Except not so fast. Callimanopulos’ representative at the auction said she saw no paddle raised, which why the battle of the paddle has landed in District Court.
From The (Springfield, Mass.) Republican:
Shoppers throng antiques shows
If the country is in recession, someone forgot to tell the antiques and collectibles hunters swarming over the 50th Brimfield Antiques Shows in Brimfield, Mass. The highway into town is bumper to bumper. The parking lots are full. And people are buying. It’s a “record-breaking Year,” one dealer said.
Batman No. 1
From The Associated Press via The Denver Post:
‘Golden Age’ comics go up for auction in Dallas
It looks like the care a little kid took with the comic books he bought for 10 cents each is going to pay off—big time. Ralph Chicorel, now 78, is putting his collection of more than 100 up for sale. Heritage Auction will be auctioning them off starting Thursday (May 21), and it’s estimated the comics from the 1930s and 1940s will fetch in the neighborhood of $500,000.

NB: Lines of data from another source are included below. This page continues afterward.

section \<open>Hitting capacities of mixtures of path laws\<close>

lemma choquet_capacity_outer_rat_hitting:
  fixes X :: "real \<Rightarrow> 'w \<Rightarrow> 'a::t2_space"
  assumes P: "finite_measure P" and X: "\<And>q. X q \<in> measurable P borel" and "0 \<le> \<alpha>"
  shows "choquet_capacity (outer_capacity (\<lambda>G. \<integral>\<^sup>+\<omega>. rat_hitting_discount \<alpha> X G \<omega> \<partial>P))"
proof (rule choquet_capacity_outer_capacity)
  have meas: "rat_hitting_discount \<alpha> X G \<in> borel_measurable P" if "open G" for G
    using X that by (intro borel_measurable_rat_hitting_discount borel_open)
  have "(\<integral>\<^sup>+\<omega>. rat_hitting_discount \<alpha> X UNIV \<omega> \<partial>P) \<le> (\<integral>\<^sup>+\<omega>. 1 \<partial>P)"
    by (intro nn_integral_mono rat_hitting_discount_le_1 \<open>0 \<le> \<alpha>\<close>)
  also have "\<dots> < \<infinity>"
    using finite_measure.emeasure_finite[OF P, of "space P"] by (simp add: top.not_eq_extremum)
  finally show "(\<integral>\<^sup>+\<omega>. rat_hitting_discount \<alpha> X UNIV \<omega> \<partial>P) \<noteq> \<infinity>"
    by simp
  show "(\<integral>\<^sup>+\<omega>. rat_hitting_discount \<alpha> X (G \<union> H) \<omega> \<partial>P) + (\<integral>\<^sup>+\<omega>. rat_hitting_discount \<alpha> X (G \<inter> H) \<omega> \<partial>P)
      \<le> (\<integral>\<^sup>+\<omega>. rat_hitting_discount \<alpha> X G \<omega> \<partial>P) + (\<integral>\<^sup>+\<omega>. rat_hitting_discount \<alpha> X H \<omega> \<partial>P)"
    if "open G" "open H" for G H
  proof -
    have "(\<integral>\<^sup>+\<omega>. rat_hitting_discount \<alpha> X (G \<union> H) \<omega> \<partial>P) + (\<integral>\<^sup>+\<omega>. rat_hitting_discount \<alpha> X (G \<inter> H) \<omega> \<partial>P)
        = (\<integral>\<^sup>+\<omega>. rat_hitting_discount \<alpha> X (G \<union> H) \<omega> + rat_hitting_discount \<alpha> X (G \<inter> H) \<omega> \<partial>P)"
      using that by (intro nn_integral_add[symmetric] meas) auto
    also have "\<dots> \<le> (\<integral>\<^sup>+\<omega>. rat_hitting_discount \<alpha> X G \<omega> + rat_hitting_discount \<alpha> X H \<omega> \<partial>P)"
      by (intro nn_integral_mono rat_hitting_discount_Un_Int)
    also have "\<dots> = (\<integral>\<^sup>+\<omega>. rat_hitting_discount \<alpha> X G \<omega> \<partial>P) + (\<integral>\<^sup>+\<omega>. rat_hitting_discount \<alpha> X H \<omega> \<partial>P)"
      using that by (intro nn_integral_add meas)
    finally show ?thesis .
  qed
  show "(\<integral>\<^sup>+\<omega>. rat_hitting_discount \<alpha> X (\<Union>n. G n) \<omega> \<partial>P)
      \<le> (SUP n. \<integral>\<^sup>+\<omega>. rat_hitting_discount \<alpha> X (G n) \<omega> \<partial>P)"
    if "\<And>n. open (G n)" "incseq G" for G
  proof -
    have "incseq (\<lambda>n. rat_hitting_discount \<alpha> X (G n))"
      using \<open>incseq G\<close> by (auto simp: incseq_def le_fun_def intro: rat_hitting_discount_mono)
    then show ?thesis
      unfolding rat_hitting_discount_UN using that(1)
      by (simp add: meas nn_integral_monotone_convergence_SUP)
  qed
qed

text \<open>The integrand on the left need not be measurable, so \<open>nn_integral_bind\<close> cannot be used
  for it directly; instead every simple function below it is compared with \<open>g\<close>.\<close>
lemma nn_integral_bind_mono_AE:
  assumes N: "N \<in> measurable M (subprob_algebra B)" and "space M \<noteq> {}"
    and g: "g \<in> borel_measurable B"
    and le: "AE x in M. AE y in N x. f y \<le> g y"
  shows "(\<integral>\<^sup>+y. f y \<partial>(M \<bind> N)) \<le> (\<integral>\<^sup>+y. g y \<partial>(M \<bind> N))"
  unfolding nn_integral_def[of _ f]
proof (rule SUP_least, clarify)
  fix s assume s: "simple_function (M \<bind> N) s" "s \<le> f"
  have "sets (M \<bind> N) = sets B"
    using sets_kernel[OF N] \<open>space M \<noteq> {}\<close> by (rule sets_bind)
  then have s_meas: "s \<in> borel_measurable B"
    using borel_measurable_simple_function[OF s(1)] measurable_cong_sets by blast
  have "AE x in M. (\<integral>\<^sup>+y. s y \<partial>N x) \<le> (\<integral>\<^sup>+y. g y \<partial>N x)"
    using le by eventually_elim (use s(2) in \<open>auto intro!: nn_integral_mono_AE elim!: AE_mp dest: le_funD intro: order_trans\<close>)
  then have "(\<integral>\<^sup>+x. \<integral>\<^sup>+y. s y \<partial>N x \<partial>M) \<le> (\<integral>\<^sup>+x. \<integral>\<^sup>+y. g y \<partial>N x \<partial>M)"
    by (rule nn_integral_mono_AE)
  then show "integral\<^sup>S (M \<bind> N) s \<le> (\<integral>\<^sup>+y. g y \<partial>(M \<bind> N))"
    using s(1) by (simp add: nn_integral_eq_simple_integral[symmetric] nn_integral_bind[OF s_meas N]
        nn_integral_bind[OF g N])
qed

lemma cap_alpha_bind_eq_outer_capacity:
  fixes X :: "real \<Rightarrow> 'w \<Rightarrow> 'a::topological_space"
  assumes K: "K \<in> measurable M (subprob_algebra \<Omega>)" "space M \<noteq> {}"
    and X: "\<And>q. X q \<in> measurable \<Omega> borel" and "0 \<le> \<alpha>"
    and cont: "AE x in M. AE \<omega> in K x. continuous_on {0..} (\<lambda>t. X t \<omega>)"
  shows "cap_alpha \<alpha> (M \<bind> K) X = outer_capacity (\<lambda>G. \<integral>\<^sup>+\<omega>. rat_hitting_discount \<alpha> X G \<omega> \<partial>(M \<bind> K))"
  unfolding cap_alpha_def outer_capacity_def
proof (intro ext INF_cong refl)
  fix A G :: "'a set" assume "G \<in> {G. open G \<and> A \<subseteq> G}"
  then have "open G"
    by simp
  have "AE x in M. AE \<omega> in K x. exp_neg \<alpha> (hitting_time X G \<omega>) \<le> rat_hitting_discount \<alpha> X G \<omega>"
    using cont by eventually_elim
      (auto elim!: AE_mp intro: exp_neg_hitting_time_le_rat_hitting_discount \<open>0 \<le> \<alpha>\<close> \<open>open G\<close>)
  with K borel_measurable_rat_hitting_discount[OF X borel_open[OF \<open>open G\<close>]]
  have "(\<integral>\<^sup>+\<omega>. exp_neg \<alpha> (hitting_time X G \<omega>) \<partial>(M \<bind> K)) \<le> (\<integral>\<^sup>+\<omega>. rat_hitting_discount \<alpha> X G \<omega> \<partial>(M \<bind> K))"
    by (rule nn_integral_bind_mono_AE)
  moreover have "(\<integral>\<^sup>+\<omega>. rat_hitting_discount \<alpha> X G \<omega> \<partial>(M \<bind> K)) \<le> (\<integral>\<^sup>+\<omega>. exp_neg \<alpha> (hitting_time X G \<omega>) \<partial>(M \<bind> K))"
    by (intro nn_integral_mono rat_hitting_discount_le_exp_neg_hitting_time \<open>0 \<le> \<alpha>\<close>)
  ultimately show "(\<integral>\<^sup>+\<omega>. exp_neg \<alpha> (hitting_time X G \<omega>) \<partial>(M \<bind> K)) = (\<integral>\<^sup>+\<omega>. rat_hitting_discount \<alpha> X G \<omega> \<partial>(M \<bind> K))"
    by (rule antisym)
qed

lemma INF_nn_integral_rat_hitting_discount_Compl_cball:
  fixes X :: "real \<Rightarrow> 'w \<Rightarrow> 'a::real_normed_vector"
  assumes K: "K \<in> measurable M (subprob_algebra \<Omega>)" "space M \<noteq> {}" and "finite_measure (M \<bind> K)"
    and X: "\<And>q. X q \<in> measurable \<Omega> borel" and "0 < \<alpha>"
    and cont: "AE x in M. AE \<omega> in K x. continuous_on {0..} (\<lambda>t. X t \<omega>)"
  shows "(INF n. \<integral>\<^sup>+\<omega>. rat_hitting_discount \<alpha> X (UNIV - cball 0 (real n)) \<omega> \<partial>(M \<bind> K)) = 0"
proof -
  define f where "f n = rat_hitting_discount \<alpha> X (UNIV - cball 0 (real n))" for n
  have f_meas: "f n \<in> borel_measurable \<Omega>" for n
    unfolding f_def using X by (intro borel_measurable_rat_hitting_discount) auto
  moreover have "sets (M \<bind> K) = sets \<Omega>"
    using sets_kernel[OF K(1)] K(2) by (rule sets_bind)
  ultimately have f_meas': "f n \<in> borel_measurable (M \<bind> K)" for n
    by (simp cong: measurable_cong_sets)
  have "decseq f"
    unfolding f_def by (intro decseq_SucI le_funI rat_hitting_discount_mono) auto
  have "(\<integral>\<^sup>+\<omega>. f 0 \<omega> \<partial>(M \<bind> K)) \<le> (\<integral>\<^sup>+\<omega>. 1 \<partial>(M \<bind> K))"
    unfolding f_def using \<open>0 < \<alpha>\<close> by (intro nn_integral_mono rat_hitting_discount_le_1) simp
  also have "\<dots> < \<infinity>"
    using finite_measure.emeasure_finite[OF \<open>finite_measure (M \<bind> K)\<close>] by (simp add: top.not_eq_extremum)
  finally have "(INF n. \<integral>\<^sup>+\<omega>. f n \<omega> \<partial>(M \<bind> K)) = (\<integral>\<^sup>+\<omega>. (INF n. f n \<omega>) \<partial>(M \<bind> K))"
    using \<open>decseq f\<close> f_meas' by (intro nn_integral_monotone_convergence_INF_decseq[symmetric])
  also have "\<dots> \<le> (\<integral>\<^sup>+\<omega>. 0 \<partial>(M \<bind> K))"
    using K(1,2) borel_measurable_const
  proof (rule nn_integral_bind_mono_AE)
    show "AE x in M. AE \<omega> in K x. (INF n. f n \<omega>) \<le> 0"
      using cont unfolding f_def
      by eventually_elim (auto elim!: AE_mp intro: INF_rat_hitting_discount_Compl_cball[OF \<open>0 < \<alpha>\<close>])
  qed
  finally show ?thesis
    by (simp add: f_def)
qed

lemma choquet_tight_cap_alpha_bind:
  fixes X :: "real \<Rightarrow> 'w \<Rightarrow> 'a::{real_normed_vector, heine_borel}"
  assumes M: "prob_space M" and K: "K \<in> measurable M (subprob_algebra \<Omega>)" "\<And>x. prob_space (K x)"
    and X: "\<And>q. X q \<in> measurable \<Omega> borel" and "0 < \<alpha>"
    and cont: "AE x in M. AE \<omega> in K x. continuous_on {0..} (\<lambda>t. X t \<omega>)"
  shows "choquet_capacity (cap_alpha \<alpha> (M \<bind> K) X) \<and> tight_capacity (cap_alpha \<alpha> (M \<bind> K) X)"
proof -
  have "space M \<noteq> {}"
    using M by (rule prob_space.not_empty)
  have "finite_measure (M \<bind> K)"
    using M K by (intro prob_space.axioms(1) prob_space.prob_space_bind) auto
  have "sets (M \<bind> K) = sets \<Omega>"
    using sets_kernel[OF K(1)] \<open>space M \<noteq> {}\<close> by (rule sets_bind)
  then have X_meas: "X q \<in> measurable (M \<bind> K) borel" for q
    using X by (simp cong: measurable_cong_sets)
  have cap: "cap_alpha \<alpha> (M \<bind> K) X = outer_capacity (\<lambda>G. \<integral>\<^sup>+\<omega>. rat_hitting_discount \<alpha> X G \<omega> \<partial>(M \<bind> K))"
    using K(1) \<open>space M \<noteq> {}\<close> X \<open>0 < \<alpha>\<close> cont by (intro cap_alpha_bind_eq_outer_capacity) auto
  have "choquet_capacity (cap_alpha \<alpha> (M \<bind> K) X)"
    unfolding cap using \<open>finite_measure (M \<bind> K)\<close> X_meas \<open>0 < \<alpha>\<close>
    by (intro choquet_capacity_outer_rat_hitting) auto
  moreover have "tight_capacity (cap_alpha \<alpha> (M \<bind> K) X)"
    unfolding cap
  proof (rule tight_capacity_outer_capacity)
    show "(INF n. \<integral>\<^sup>+\<omega>. rat_hitting_discount \<alpha> X (UNIV - cball 0 (real n)) \<omega> \<partial>(M \<bind> K)) = 0"
      using K(1) \<open>space M \<noteq> {}\<close> \<open>finite_measure (M \<bind> K)\<close> X \<open>0 < \<alpha>\<close> cont
      by (rule INF_nn_integral_rat_hitting_discount_Compl_cball)
  qed (auto simp: incseq_def)
  ultimately show ?thesis ..
qed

Among the most prized are “Batman” No. 1, “Marvel Comics” No. 1. and “Marvel Mystery Comics” No. 9, which could bring in $100,000 alone. It is rare and features the Sub-Mariner and the Human Torch in mortal combat on the cover.
S&P Cuts Sotheby’s Bonds to Junk Status
While last week’s contemporary-art auction went well for Sotheby’s, it probably didn’t soften the blow dealt at the beginning of the month by Standard & Poor’s, the credit-rating agency. S&P dropped the auction house to a BB-minus, a “junk grade.” It cited the reduced demand for art globally and Sotheby’s granting guarantees to sellers.
To add to Sotheby’s woes, this new rating may cause trouble with its lenders, increasing its interest rates and decreasing how much it can borrow.